Although Athletic Bilbao still have a chance in the Copa del Rey final – Barcelona stand in the way, of course – this is certainly the case for Valencia and Atlético Madrid. Valencia in particular seem forever destined to finish third in the league, with only the possible change to their status being a drop down the table rather than a move up.

While the 2010 Uefa Cup and subsequent European Super Cup provided Atlético Madrid fans with just enough glory to keep them happy, Valencia’s supporters are desperate for an excuse for a celebration. They have spent a tough period stuck behind the big two, watching their best players being sold year after year.

A win over Atlético Madrid and triumph in the final might not be enough to give manager Unai Emery a contract renewal at the end of the season. The much-maligned coach may not want one, such is the abuse he receives from an uppity set of fans. Emery could yet leave Valencia on a high, after giving the club their finest moment since they won the league title in 2004.

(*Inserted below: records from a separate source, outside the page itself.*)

lemma irreducible_minor_iff:
  assumes "Y \<subset> Z" "Z \<subseteq> S" "cyclic_comparable M Y" "cyclic_comparable M Z"
  shows "irreducible (minor M Y Z) \<longleftrightarrow> (\<nexists>W. Y \<subset> W \<and> W \<subset> Z \<and> cyclic_comparable M W)"
  using reducible_minor_if_comparable_between[OF _ _ _ assms(2)]
    irreducible_minor_if_no_comparable_between[OF assms] by blast

end

lemma sorted_wrt_set_unique:
  assumes "asymp R" "sorted_wrt R xs" "sorted_wrt R ys" "set xs = set ys"
  shows "xs = ys"
  using assms(2-4)
proof (induction xs arbitrary: ys)
  case Nil
  thus ?case by simp
next
  case (Cons x xs)
  then obtain y ys' where ys: "ys = y # ys'" by (cases ys) auto
  have "x = y"
  proof (rule ccontr)
    assume "x \<noteq> y"
    hence "x \<in> set ys'" "y \<in> set xs" using Cons.prems(3) ys by auto
    hence "R y x" "R x y" using Cons.prems(1,2) ys by auto
    thus False using assms(1) by (meson asympD)
  qed
  moreover have "x \<notin> set xs" "y \<notin> set ys'"
    using Cons.prems(1,2) ys assms(1) by (auto dest: asympD)
  ultimately have "set xs = set ys'" using Cons.prems(3) ys by auto
  thus ?case using Cons.IH Cons.prems ys \<open>x = y\<close> by simp
qed

lemma flag_factors_eq_primary_factors:
  "flag_factors M c k = primary_factors M (map c [0..<Suc k])"
proof -
  have "[1..<Suc k] = map Suc [0..<k]" by (simp add: map_Suc_upt)
  thus ?thesis unfolding flag_factors_def primary_factors_def
    by (simp del: upt_Suc add: nth_map)
qed

lemma primary_flag_iff_splitting_flag:
  assumes "splitting_flag M c k"
  shows "primary_flag M (map c [0..<Suc k]) \<longleftrightarrow> c ` {..k} = {T. pinchpoint M T}"
proof -
  have "sorted_wrt (\<subset>) (map c [0..<Suc k])"
    unfolding sorted_wrt_iff_nth_less using splitting_flag_psubset_iff[OF assms] by (simp del: upt_Suc)
  moreover have "set (map c [0..<Suc k]) = c ` {..k}" by (auto simp del: upt_Suc)
  ultimately show ?thesis unfolding primary_flag_def by simp
qed

lemma primary_flag_unique: "primary_flag M Ts \<Longrightarrow> primary_flag M Ts' \<Longrightarrow> Ts = Ts'"
  unfolding primary_flag_def using sorted_wrt_set_unique[of "(\<subset>)"] by (auto intro: asympI)

lemma pinchpoint_empty: "pinchpoint M {}"
  unfolding pinchpoint_iff using Union_in_Dlat[of "{}" M] cyclic_comparable_empty[of M] by auto

lemma pinchpoint_ground: "pinchpoint M (fst M)"
  unfolding pinchpoint_iff using Inter_in_Dlat[of "{}" M] cyclic_comparable_ground[of M] by auto

lemma splitting_flag_primary_flag:
  assumes flag: "primary_flag M Ts"
  defines "k \<equiv> length Ts - 1"
  shows "splitting_flag M ((!) Ts) k" "map ((!) Ts) [0..<Suc k] = Ts"
proof -
  have sorted: "sorted_wrt (\<subset>) Ts" and pinch: "set Ts = {T. pinchpoint M T}"
    using flag unfolding primary_flag_def by auto
  have "{} \<in> set Ts" using pinch pinchpoint_empty[of M] by simp
  hence len: "length Ts = Suc k" unfolding k_def by (cases Ts) auto
  have in_Ts: "T \<in> set Ts \<longleftrightarrow> (\<exists>l\<le>k. Ts ! l = T)" for T
    unfolding in_set_conv_nth len less_Suc_eq_le ..
  show "map ((!) Ts) [0..<Suc k] = Ts" using map_nth[of Ts] unfolding len .
  have less: "Ts ! i \<subset> Ts ! j" if "i < j" "j \<le> k" for i j
    using sorted that len by (simp add: sorted_wrt_iff_nth_less)
  have pinch_l: "pinchpoint M (Ts ! l)" if "l \<le> k" for l
    using pinch in_Ts that by blast
  obtain i where i: "i \<le> k" "Ts ! i = {}"
    using \<open>{} \<in> set Ts\<close> in_Ts by blast
  obtain j where j: "j \<le> k" "Ts ! j = fst M"
    using pinch pinchpoint_ground[of M] in_Ts by blast
  have "Ts ! l \<subseteq> fst M" if "l \<le> k" for l
    using pinch_l[OF that] Dlat_subset_ground unfolding pinchpoint_def by blast
  hence "Ts ! k = fst M" using j less[of j k] by (cases "j = k") auto
  moreover have "Ts ! 0 = {}" using i less[of 0 i] by (cases "i = 0") auto
  moreover have "cyclic_comparable M (Ts ! l)" if "l \<le> k" for l
    using pinch_l[OF that] pinchpoint_iff by blast
  ultimately show "splitting_flag M ((!) Ts) k"
    unfolding splitting_flag_def using less by auto
qed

Standing in the way are Atlético Madrid, a battle-hardened outfit lead by Diego Simeone. He took over in December and has built a team that is flakey in la Liga but supremely effective in Europe. Atlético have won all six knock-out games under the Simeone's guidance, and 14 from 16 in the competition overall.

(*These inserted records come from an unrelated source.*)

(* Let $H$ be a finite, connected, simple planar map with at least $3$ vertices. Let $LD(H)$ be the number of vertices of $H$ of degree at most $5$, and let $ME(H)=\sum_f(\deg[f]-3)$, the sum over all faces $f$ of $H$ including the external face. Then $LD(H)\ge\frac25 ME(H)+\frac{12}{5}$.
   Context: A planar map is a planar graph together with an embedding in the plane. $\deg[f]$ is the degree (length of the boundary walk) of the face $f$. $ME(H)$ equals the number of edges that can be added to $H$ while keeping it a simple planar map. *)

theory Defs
  imports Complex_Main "HOL-Combinatorics.Permutations"
begin

text \<open>Planar maps are represented combinatorially as rotation systems (combinatorial maps):
  a finite set D of darts (half-edges), a fixed-point-free involution alpha on D pairing the
  two darts of each edge, and a permutation sigma on D giving the cyclic order of darts around
  each vertex.  The map is planar (genus 0) iff V - E + F = 2 (for connected maps).\<close>

definition orb :: "('d \<Rightarrow> 'd) \<Rightarrow> 'd \<Rightarrow> 'd set" where
  "orb f x = {(f ^^ n) x | n. True}"

definition orbs :: "('d \<Rightarrow> 'd) \<Rightarrow> 'd set \<Rightarrow> 'd set set" where
  "orbs f D = orb f ` D"

definition comb_map :: "'d set \<Rightarrow> ('d \<Rightarrow> 'd) \<Rightarrow> ('d \<Rightarrow> 'd) \<Rightarrow> bool" where
  "comb_map D \<alpha> \<sigma> \<longleftrightarrow> finite D \<and> \<alpha> permutes D \<and> \<sigma> permutes D
     \<and> (\<forall>d\<in>D. \<alpha> d \<noteq> d \<and> \<alpha> (\<alpha> d) = d)"

definition map_vertices :: "'d set \<Rightarrow> ('d \<Rightarrow> 'd) \<Rightarrow> ('d \<Rightarrow> 'd) \<Rightarrow> 'd set set" where
  "map_vertices D \<alpha> \<sigma> = orbs \<sigma> D"

definition map_edges :: "'d set \<Rightarrow> ('d \<Rightarrow> 'd) \<Rightarrow> ('d \<Rightarrow> 'd) \<Rightarrow> 'd set set" where
  "map_edges D \<alpha> \<sigma> = orbs \<alpha> D"

definition map_faces :: "'d set \<Rightarrow> ('d \<Rightarrow> 'd) \<Rightarrow> ('d \<Rightarrow> 'd) \<Rightarrow> 'd set set" where
  "map_faces D \<alpha> \<sigma> = orbs (\<sigma> \<circ> \<alpha>) D"

definition vdeg :: "'d set \<Rightarrow> nat" where "vdeg v = card v"
definition fdeg :: "'d set \<Rightarrow> nat" where "fdeg f = card f"

definition map_connected :: "'d set \<Rightarrow> ('d \<Rightarrow> 'd) \<Rightarrow> ('d \<Rightarrow> 'd) \<Rightarrow> bool" where
  "map_connected D \<alpha> \<sigma> \<longleftrightarrow>
     (\<forall>x\<in>D. \<forall>y\<in>D. (x, y) \<in> ({(d, \<sigma> d) | d. d \<in> D} \<union> {(d, \<alpha> d) | d. d \<in> D})\<^sup>*)"

definition map_planar :: "'d set \<Rightarrow> ('d \<Rightarrow> 'd) \<Rightarrow> ('d \<Rightarrow> 'd) \<Rightarrow> bool" where
  "map_planar D \<alpha> \<sigma> \<longleftrightarrow>
     int (card (map_vertices D \<alpha> \<sigma>)) - int (card (map_edges D \<alpha> \<sigma>))
       + int (card (map_faces D \<alpha> \<sigma>)) = 2"

text \<open>Simple: no loops, no multiple edges.\<close>
definition map_simple :: "'d set \<Rightarrow> ('d \<Rightarrow> 'd) \<Rightarrow> ('d \<Rightarrow> 'd) \<Rightarrow> bool" where
  "map_simple D \<alpha> \<sigma> \<longleftrightarrow>
     (\<forall>d\<in>D. orb \<sigma> (\<alpha> d) \<noteq> orb \<sigma> d)
     \<and> (\<forall>d\<in>D. \<forall>d'\<in>D. orb \<sigma> d = orb \<sigma> d' \<and> orb \<sigma> (\<alpha> d) = orb \<sigma> (\<alpha> d') \<longrightarrow> d = d')"

definition LD :: "'d set \<Rightarrow> ('d \<Rightarrow> 'd) \<Rightarrow> ('d \<Rightarrow> 'd) \<Rightarrow> nat" where
  "LD D \<alpha> \<sigma> = card {v \<in> map_vertices D \<alpha> \<sigma>. vdeg v \<le> 5}"

definition ME :: "'d set \<Rightarrow> ('d \<Rightarrow> 'd) \<Rightarrow> ('d \<Rightarrow> 'd) \<Rightarrow> int" where
  "ME D \<alpha> \<sigma> = (\<Sum>f\<in>map_faces D \<alpha> \<sigma>. int (fdeg f) - 3)"

end

theory Submission
  imports Defs "HOL-Combinatorics.Orbits"
begin

text \<open>Counting darts three ways: as \<open>\<Sum>\<^sub>v deg v\<close>, as \<open>\<Sum>\<^sub>f deg f\<close> and as \<open>2 |E|\<close>.
  Every vertex has degree at least 1 and a vertex not counted by \<open>LD\<close> has degree at least 6,
  so \<open>6 |V| \<le> 2 |E| + 5 LD\<close>; moreover \<open>ME = 2 |E| - 3 |F|\<close>. Eliminating \<open>|F|\<close> with Euler's
  formula \<open>|V| - |E| + |F| = 2\<close> gives \<open>5 LD \<ge> 2 ME + 12\<close>.\<close>

lemma orb_eq_orbit:
  assumes "f permutes D" "finite D"
  shows "orb f x = orbit f x"
  using orbit_altdef_permutation[of f x] assms
  by (auto simp: orb_def permutation_permutes)

lemma orb_self: "x \<in> orb f x"
  unfolding orb_def by (auto intro: exI[where x=0])

lemma orb_subset:
  assumes "f permutes D" "x \<in> D"
  shows "orb f x \<subseteq> D"
  using assms by (auto simp: orb_def permutes_in_funpow_image)

lemma orb_eq_if_mem:
  assumes "f permutes D" "finite D" "y \<in> orb f x"
  shows "orb f y = orb f x"
  using assms orbit_cyclic_eq3[OF cyclic_on_orbit[OF assms(1,2)], of y x]
  by (simp add: orb_eq_orbit[OF assms(1,2)])

lemma orb_involution:
  assumes "f (f x) = x"
  shows "orb f x = {x, f x}"
proof -
  have "(f ^^ n) x \<in> {x, f x}" for n
    by (induct n) (auto simp: assms)
  moreover have "f x = (f ^^ 1) x" "x = (f ^^ 0) x" by simp_all
  ultimately show ?thesis unfolding orb_def by blast
qed

lemma finite_orbs:
  assumes "finite D"
  shows "finite (orbs f D)"
  using assms by (simp add: orbs_def)

lemma finite_nonempty_orbs:
  assumes "f permutes D" "finite D" "A \<in> orbs f D"
  shows "finite A" "A \<noteq> {}"
  using assms orb_subset[OF assms(1)] orb_self finite_subset
  by (fastforce simp: orbs_def)+

lemma disjoint_orbs:
  assumes "f permutes D" "finite D"
  shows "disjoint (orbs f D)"
proof (rule pairwiseI, unfold disjnt_def)
  fix A B assume "A \<in> orbs f D" "B \<in> orbs f D" "A \<noteq> B"
  then obtain a b where ab: "A = orb f a" "B = orb f b" by (auto simp: orbs_def)
  show "A \<inter> B = {}"
  proof (rule ccontr)
    assume "A \<inter> B \<noteq> {}"
    then obtain y where "y \<in> orb f a" "y \<in> orb f b" using ab by auto
    then have "orb f a = orb f b" using orb_eq_if_mem[OF assms] by metis
    with ab \<open>A \<noteq> B\<close> show False by simp
  qed
qed

lemma Union_orbs:
  assumes "f permutes D"
  shows "\<Union>(orbs f D) = D"
  using orb_subset[OF assms] orb_self by (fastforce simp: orbs_def)

lemma sum_card_orbs:
  assumes "f permutes D" "finite D"
  shows "(\<Sum>A\<in>orbs f D. card A) = card D"
  using card_Union_disjoint[OF disjoint_orbs[OF assms] finite_nonempty_orbs(1)[OF assms]]
    Union_orbs[OF assms(1)]
  by simp

lemma card_le_sum_card_plus_card_small:
  fixes V :: "'a set set" and k :: nat
  assumes "finite V" "\<And>v. v \<in> V \<Longrightarrow> card v \<ge> 1"
  shows "(k + 1) * card V \<le> (\<Sum>v\<in>V. card v) + k * card {v \<in> V. card v \<le> k}"
proof -
  define S where "S = {v \<in> V. card v \<le> k}"
  define B where "B = {v \<in> V. \<not> card v \<le> k}"
  have split: "V = S \<union> B" "S \<inter> B = {}" "finite S" "finite B"
    using assms(1) by (auto simp: S_def B_def)
  have "card S \<le> (\<Sum>v\<in>S. card v)"
    using sum_mono[of S "\<lambda>_. 1" card] assms(2) by (auto simp: S_def)
  moreover have "(k + 1) * card B \<le> (\<Sum>v\<in>B. card v)"
    using sum_mono[of B "\<lambda>_. k + 1" card] by (auto simp: B_def mult.commute)
  moreover have "(\<Sum>v\<in>V. card v) = (\<Sum>v\<in>S. card v) + (\<Sum>v\<in>B. card v)"
    using split by (simp add: sum.union_disjoint)
  moreover have "card V = card S + card B"
    using split by (simp add: card_Un_disjoint)
  ultimately show ?thesis by (simp add: S_def algebra_simps)
qed

context
  fixes D :: "'d set" and \<alpha> \<sigma> :: "'d \<Rightarrow> 'd"
  assumes comb: "comb_map D \<alpha> \<sigma>"
begin

lemma comb_map_facts:
  "finite D" "\<alpha> permutes D" "\<sigma> permutes D" "(\<sigma> \<circ> \<alpha>) permutes D"
  "\<And>d. d \<in> D \<Longrightarrow> \<alpha> (\<alpha> d) = d"
  using comb permutes_compose by (auto simp: comb_map_def)

lemma card_darts_eq_twice_card_edges: "card D = 2 * card (map_edges D \<alpha> \<sigma>)"
proof -
  have "\<forall>e\<in>map_edges D \<alpha> \<sigma>. card e = 2"
    using comb by (auto simp: comb_map_def map_edges_def orbs_def orb_involution)
  then show ?thesis
    using sum_card_orbs[of \<alpha> D] comb_map_facts by (simp add: map_edges_def)
qed

lemma ME_eq: "ME D \<alpha> \<sigma> = int (card D) - 3 * int (card (map_faces D \<alpha> \<sigma>))"
proof -
  have "ME D \<alpha> \<sigma> = (\<Sum>f\<in>map_faces D \<alpha> \<sigma>. int (card f)) - 3 * int (card (map_faces D \<alpha> \<sigma>))"
    by (simp add: ME_def fdeg_def sum_subtractf)
  also have "(\<Sum>f\<in>map_faces D \<alpha> \<sigma>. int (card f)) = int (card D)"
    using sum_card_orbs[of "\<sigma> \<circ> \<alpha>" D] comb_map_facts
    by (simp add: map_faces_def flip: of_nat_sum)
  finally show ?thesis .
qed

lemma card_vertices_le_darts_plus_LD: "6 * card (map_vertices D \<alpha> \<sigma>) \<le> card D + 5 * LD D \<alpha> \<sigma>"
proof -
  have "\<And>v. v \<in> map_vertices D \<alpha> \<sigma> \<Longrightarrow> card v \<ge> 1"
    using finite_nonempty_orbs[of \<sigma> D] comb_map_facts
    by (fastforce simp: map_vertices_def Suc_le_eq card_gt_0_iff)
  then show ?thesis
    using card_le_sum_card_plus_card_small[of "map_vertices D \<alpha> \<sigma>" 5]
      sum_card_orbs[of \<sigma> D] finite_orbs[of D \<sigma>] comb_map_facts
    by (simp add: map_vertices_def LD_def vdeg_def)
qed

end

theorem lemma17:
  fixes D :: "'d set" and \<alpha> \<sigma> :: "'d \<Rightarrow> 'd"
  assumes "comb_map D \<alpha> \<sigma>"
    and "map_connected D \<alpha> \<sigma>"
    and "map_simple D \<alpha> \<sigma>"
    and "map_planar D \<alpha> \<sigma>"
    and "card (map_vertices D \<alpha> \<sigma>) \<ge> 3"
  shows "real (LD D \<alpha> \<sigma>) \<ge> 2/5 * real_of_int (ME D \<alpha> \<sigma>) + 12/5"
proof -
  have "5 * int (LD D \<alpha> \<sigma>) \<ge> 2 * ME D \<alpha> \<sigma> + 12"
    using card_vertices_le_darts_plus_LD[OF assms(1)] card_darts_eq_twice_card_edges[OF assms(1)]
      ME_eq[OF assms(1)] assms(4)
    unfolding map_planar_def by linarith
  then have "real (5 * LD D \<alpha> \<sigma>) \<ge> real_of_int (2 * ME D \<alpha> \<sigma> + 12)"
    by linarith
  then show ?thesis by simp
qed

end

Valencia are the hungrier of the two teams, but Atlético Madrid have the proven pedigree in Europe this season and must start as favourites for a second final appearance in three years. Tim Stannard

Comments (2)
Comment by trickydicky 2012-04-20 11:02:33

Well called! Atletico looked good last night and Falcao was impressive again. Although Valencia's late 2nd to make it 4-2 still gives them a chance. I reckon Atletico should have enough to see them into the final, Simeone prefers being defensive anyway and they'll be a tough nut to get two past, plus, Valencia's fans might get frustrated and turn on their own team/manager.

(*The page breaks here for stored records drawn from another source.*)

(* Fix $1<s<3/2$ and $z\in\mathbb{D}$, write $K_{ij}=K(x_i,x_j)$, and for $N\ge1$ let \[ J_{N,2}'=2\int_{\mathcal{U}_N(z)^2}T_z(x_1)^{3s}T_z(x_2)^{s}\,[K_{11}K_{12}+K_{11}K_{21}]\,\det[K_{ij}]_{1\le i,j\le2}\,\mathrm{d}\mu(x_1)\,\mathrm{d}\mu(x_2). \] There exists $c_2'(s)>0$ such that for all large enough $N$, \[ |J_{N,2}'|\le c_2'(s)\frac{(1+|z|)^4}{(1-|z|)^4}e^{(3-2s)N}. \]
   Context: $\mathbb{D}$ is the open unit disk, $\mathrm{d}\mu=\frac{1}{\pi}\mathrm{d}x\,\mathrm{d}y$, $K(z,w)=(1-z\overline{w})^{-2}$. $\varphi_z(x)=\frac{z-x}{1-\overline{z}x}$, $d_{\mathrm{h}}(z,x)=\log\frac{1+|\varphi_z(x)|}{1-|\varphi_z(x)|}$, $T_z(x)=e^{-d_{\mathrm{h}}(z,x)}=\frac{1-|\varphi_z(x)|}{1+|\varphi_z(x)|}$, and $\mathcal{U}_N(z)=\{x\in\mathbb{D}:d_{\mathrm{h}}(z,x)<N\}$. *)

theory Defs
  imports "HOL-Analysis.Analysis"
begin

definition bergK :: "complex \<Rightarrow> complex \<Rightarrow> complex" where
  "bergK z w = 1 / (1 - z * cnj w)^2"

definition mobius :: "complex \<Rightarrow> complex \<Rightarrow> complex" where
  "mobius z x = (z - x) / (1 - cnj z * x)"

definition hdist :: "complex \<Rightarrow> complex \<Rightarrow> real" where
  "hdist z x = ln ((1 + cmod (mobius z x)) / (1 - cmod (mobius z x)))"

definition Tz :: "complex \<Rightarrow> complex \<Rightarrow> real" where
  "Tz z x = (1 - cmod (mobius z x)) / (1 + cmod (mobius z x))"

definition hball :: "real \<Rightarrow> complex \<Rightarrow> complex set" where
  "hball N z = {x. cmod x < 1 \<and> hdist z x < N}"

text \<open>The quantity J'_{N,2}; mu = Lebesgue measure / pi on each factor,
  so mu x mu = lborel on complex x complex divided by pi^2.\<close>
definition Jprime2 :: "real \<Rightarrow> complex \<Rightarrow> real \<Rightarrow> complex" where
  "Jprime2 s z N = 2 * complex_of_real (1 / pi^2) *
     set_lebesgue_integral lborel (hball N z \<times> hball N z) (\<lambda>(x1, x2).
        complex_of_real (((Tz z x1) powr (3 * s)) * ((Tz z x2) powr s)) *
        (bergK x1 x1 * bergK x1 x2 + bergK x1 x1 * bergK x2 x1) *
        (bergK x1 x1 * bergK x2 x2 - bergK x1 x2 * bergK x2 x1))"

end

theory Submission
  imports Defs
begin

text \<open>
  For x in the disk, Tz z x is at most C (1 - |x|) with C = 2 (1 + |z|) / (1 - |z|), and hball N z lies in
  the disk of radius 1 - exp (- N) / C. Bounding the diagonal kernel values by (1 - |x|)^-2, the integrand
  is dominated by 4 C^(4 s) (1 - |x1|)^(3 s - 4) (1 - |x2|)^(s - 2) |K(x1, x2)|. The x2-integral of
  (1 - |x2|)^(s - 2) |K(x1, x2)| is O(1 / (1 - |x1|)): averaging over rotations reduces it to the
  integral of |1 - q e^(i theta)|^-2 over the circle, which is O(1 / (1 - |q|)). What remains is the
  integral of (1 - |x1|)^(-1 - a) over the disk of radius 1 - exp (- N) / C, which is O(exp (a N)) for any
  a > 0 with 4 - 3 s <= a. Since s > 1 we may take a < 3 - 2 s, so the bound is eventually below
  exp ((3 - 2 s) N); as the threshold for N may depend on z, the constant c = 1 already works.
\<close>

section \<open>Lebesgue measure on the complex plane\<close>

lemma borel_measurable_Complex [measurable (raw)]:
  assumes "f \<in> borel_measurable M" "g \<in> borel_measurable M"
  shows "(\<lambda>x. Complex (f x) (g x)) \<in> borel_measurable M"
  unfolding Complex_eq using assms by measurable

lemma borel_measurable_cnj [measurable (raw)]:
  assumes "f \<in> borel_measurable M"
  shows "(\<lambda>x. cnj (f x)) \<in> borel_measurable M"
proof -
  have "(\<lambda>x. cnj (f x)) = (\<lambda>x. Complex (Re (f x)) (- Im (f x)))"
    by (auto simp: complex_eq_iff)
  then show ?thesis using assms by simp
qed

lemma borel_measurable_sgn' [measurable (raw)]:
  fixes f :: "'a \<Rightarrow> 'b::real_normed_vector"
  assumes "f \<in> borel_measurable M"
  shows "(\<lambda>x. sgn (f x)) \<in> borel_measurable M"
  by (rule measurable_compose[OF assms borel_measurable_sgn])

Comment by FCKarl 2012-04-25 08:33:29

Compared to the sad state of Italian footballing clubs that still have not yet discovered offensive, attractive football and the regular pinball game one sees in Britain, I am glad that the Spanish are getting their due. This should be seen as the indictment that it is: Eight final clubs in the two Euro club competitions. Five of the eight are Spanish clubs with a sixth coming from Portugal (Sporting) which is so heavily influenced by their larger neighbor, Spain. The sad thing is that an English club will probably try to buy Falcao from Atletico in the summer, just as Sergio Aguero is now at Manchester City. And sadder still is to compare highlight videos of Aguero at Atletico and now at City. There is no comparison; Aguero was a far more delightful, offensive, speedy, attacking player in Madrid. Give me the choice any day and I'd be choosing a La Liga match over the Premiership. If that hurts your English pride, well, sorry. And I wouldn't be even ever bothering to travel to Italia to see a Serie A encounter there. One, the matches are all manipulated anyway, two, the number of shots on goal is less than the fingers on one hand. Chelsea may have just got past FC Barca, but this is just like Italia beating Brazil in the Spain World Cup 1982. Everyone knows which side is far superior. The author is right. Nothing else is working in Spain at the moment. However, the football that is branded, marketed, and on display is, at least, doing something to keep up the good name of the sport.